A basic run using four threads can be performed with either of the following commands:
```bash
kamino -i <input_dir> -t 4
kamino -I <tabular_file> -t 4
```
In the directory mode, files are recognized by their extension (.fas, .fasta, .faa, .fa, .fna; gzipped ot not).

For **bacterial** isolates, the phylogenomic alignment can also be generated directly from genome assemblies by selecting the option `--genomes` (using either `-i` or `-I`).
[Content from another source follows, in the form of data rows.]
lemma multiquad_cubic_conjugate_root:
  fixes a b c p q :: complex and m :: int
  defines "r \<equiv> csqrt (of_int m)"
  assumes "p \<in> multiquad ms" "q \<in> multiquad ms" and "r \<notin> multiquad ms"
    and "a \<in> multiquad ms" "b \<in> multiquad ms" "c \<in> multiquad ms"
    and "(p + q * r)^3 + a * (p + q * r)^2 + b * (p + q * r) + c = 0"
  shows "(p - q * r)^3 + a * (p - q * r)^2 + b * (p - q * r) + c = 0"
proof -
  note r = csqrt_mult_self[of "of_int m", folded r_def]
  define U where "U = p^3 + 3 * p * q^2 * of_int m + a * (p^2 + q^2 * of_int m) + b * p + c"
  define V where "V = 3 * p^2 * q + q^3 * of_int m + 2 * a * p * q + b * q"
  have "of_int m \<in> multiquad ms" "2 \<in> multiquad ms" "3 \<in> multiquad ms"
    by (auto intro: multiquad.rat)
  with assms have UV: "U \<in> multiquad ms" "V \<in> multiquad ms"
    unfolding U_def V_def by (blast intro: multiquad.add multiquad.mult multiquad_power)+
  have root: "U + V * r = 0"
    using assms(8) unfolding monic_cubic_add_mult_sqrt[OF r] U_def V_def .
  have "V = 0"
  proof (rule ccontr)
    assume "V \<noteq> 0"
    with root have "r = - U / V"
      by (simp add: field_simps add_eq_0_iff)
    with UV assms(4) show False
      by (metis multiquad.uminus multiquad_divide)
  qed
  moreover from root this have "U = 0"
    by simp
  moreover have "(p + (- q) * r)^3 + a * (p + (- q) * r)^2 + b * (p + (- q) * r) + c = U - V * r"
    unfolding U_def V_def monic_cubic_add_mult_sqrt[OF r] by (simp add: algebra_simps)
  ultimately show ?thesis
    by simp
qed

text \<open>Descent along the tower: if the root p + q sqrt m does not lie in the smaller field, then
  by the conjugate root p - q sqrt m the third root -a - 2p does.\<close>

lemma multiquad_cubic_root_imp_rational_root:
  fixes a b c x :: complex
  assumes "x \<in> multiquad ms" and "a \<in> \<rat>" "b \<in> \<rat>" "c \<in> \<rat>"
    and "x^3 + a * x^2 + b * x + c = 0"
  shows "\<exists>r\<in>\<rat>. r^3 + a * r^2 + b * r + c = 0"
  using assms
proof (induction ms arbitrary: x)
  case Nil
  then show ?case
    using multiquad_Nil by blast
next
  case (Cons m ms)
  let ?r = "csqrt (of_int m)"
  obtain p q where pq: "p \<in> multiquad ms" "q \<in> multiquad ms" "x = p + q * ?r"
    using multiquad_Cons_subset[OF Cons.prems(1)] unfolding adjoin_sqrt_def by blast
  have coeffs: "a \<in> multiquad ms" "b \<in> multiquad ms" "c \<in> multiquad ms" "2 \<in> multiquad ms"
    using Cons.prems by (auto intro: multiquad.rat)
  show ?case
  proof (cases "?r \<in> multiquad ms \<or> q = 0")
    case True
    then have "x \<in> multiquad ms"
      using pq by (auto intro: multiquad.add multiquad.mult)
    then show ?thesis
      using Cons by blast
  next
    case False
    then have conj_root: "(p - q * ?r)^3 + a * (p - q * ?r)^2 + b * (p - q * ?r) + c = 0"
      using multiquad_cubic_conjugate_root pq coeffs Cons.prems(5) by blast
    have "?r \<noteq> 0"
      using False multiquad.rat[OF Rats_0] by auto
    with False have "x \<noteq> p - q * ?r"
      using pq(3) by auto
    from monic_cubic_third_root[OF Cons.prems(5) conj_root this]
    have "(- a - 2 * p)^3 + a * (- a - 2 * p)^2 + b * (- a - 2 * p) + c = 0"
      using pq(3) by (simp add: algebra_simps)
    moreover have "- a - 2 * p \<in> multiquad ms"
      using coeffs pq by (blast intro: multiquad_diff multiquad.mult multiquad.uminus)
    ultimately show ?thesis
      using Cons.IH Cons.prems(2-4) by blast
  qed
qed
In this case, an ultra-fast but approximate protein prediction is performed, with predicted proteomes stored in a temporary directory.

```bash
kamino -i <input_dir> -t 4 --genomes
```
Finally, a Neighbour-joinging tree can be generated in addition to other output files by selecting the option `--NJ`.

```bash
kamino -i <input_dir> -t 4 --NJ
```
---

## examples

All analyses were performed on a MacBook *M4 Pro* using v0.6.1 and 4 threads (other parameters set to default):  

| dataset                     | taxonomic diversity  | runtime (min) | memory (GB) | alignment size (aa) |
|-----------------------------|----------------------|---------------|-------------|---------------------|
| 50 *Mycobacterium*          | within-genera        | 0.1           | 0.7         | 24,678              |
| 400 *Mycobacterium*         | within-genera        | 0.5           | 2.5         | 21,011              |
| 50 Polyporales (fungi)      | within-order         | 0.3           | 3.8         | 29,483              |
| 165 Arthropoda              | within-phylum        | 1.1           | 8.5         | 13,002              |
| 55 Mammalia                 | within-class         | 1.6           | 8.1         | 334,108             |  

---

## FAQ

- **When not to use kamino?**
    * low diversity datasets (ie, within-species), for which genome-based approaches will be more powerful 
    * highly divergent datasets (eg, animal kingdom)
    * distant outgroup composed of a few isolates: these might have disproportionately more missing data
    * isolates with a low number of proteins (viruses and prokaryotes with fewer than 1,000 proteins)

- **Is the output reproducible?**
<p>Yes, kamino is fully deterministic so will produce the exact same alignment for a given version, set of parameters and input proteomes.</p>

- **How to get more phylogenetic positions?**
<p>Increase the maximum depth of the graph traversal (`-d`) or lower the minimum proportion of isolates with amino acid per position (`-f`) if that is acceptable for downstream analyses.</p>

 

---

This codebase is provided under the MIT License. Some parts of the code were drafted using AI assistance.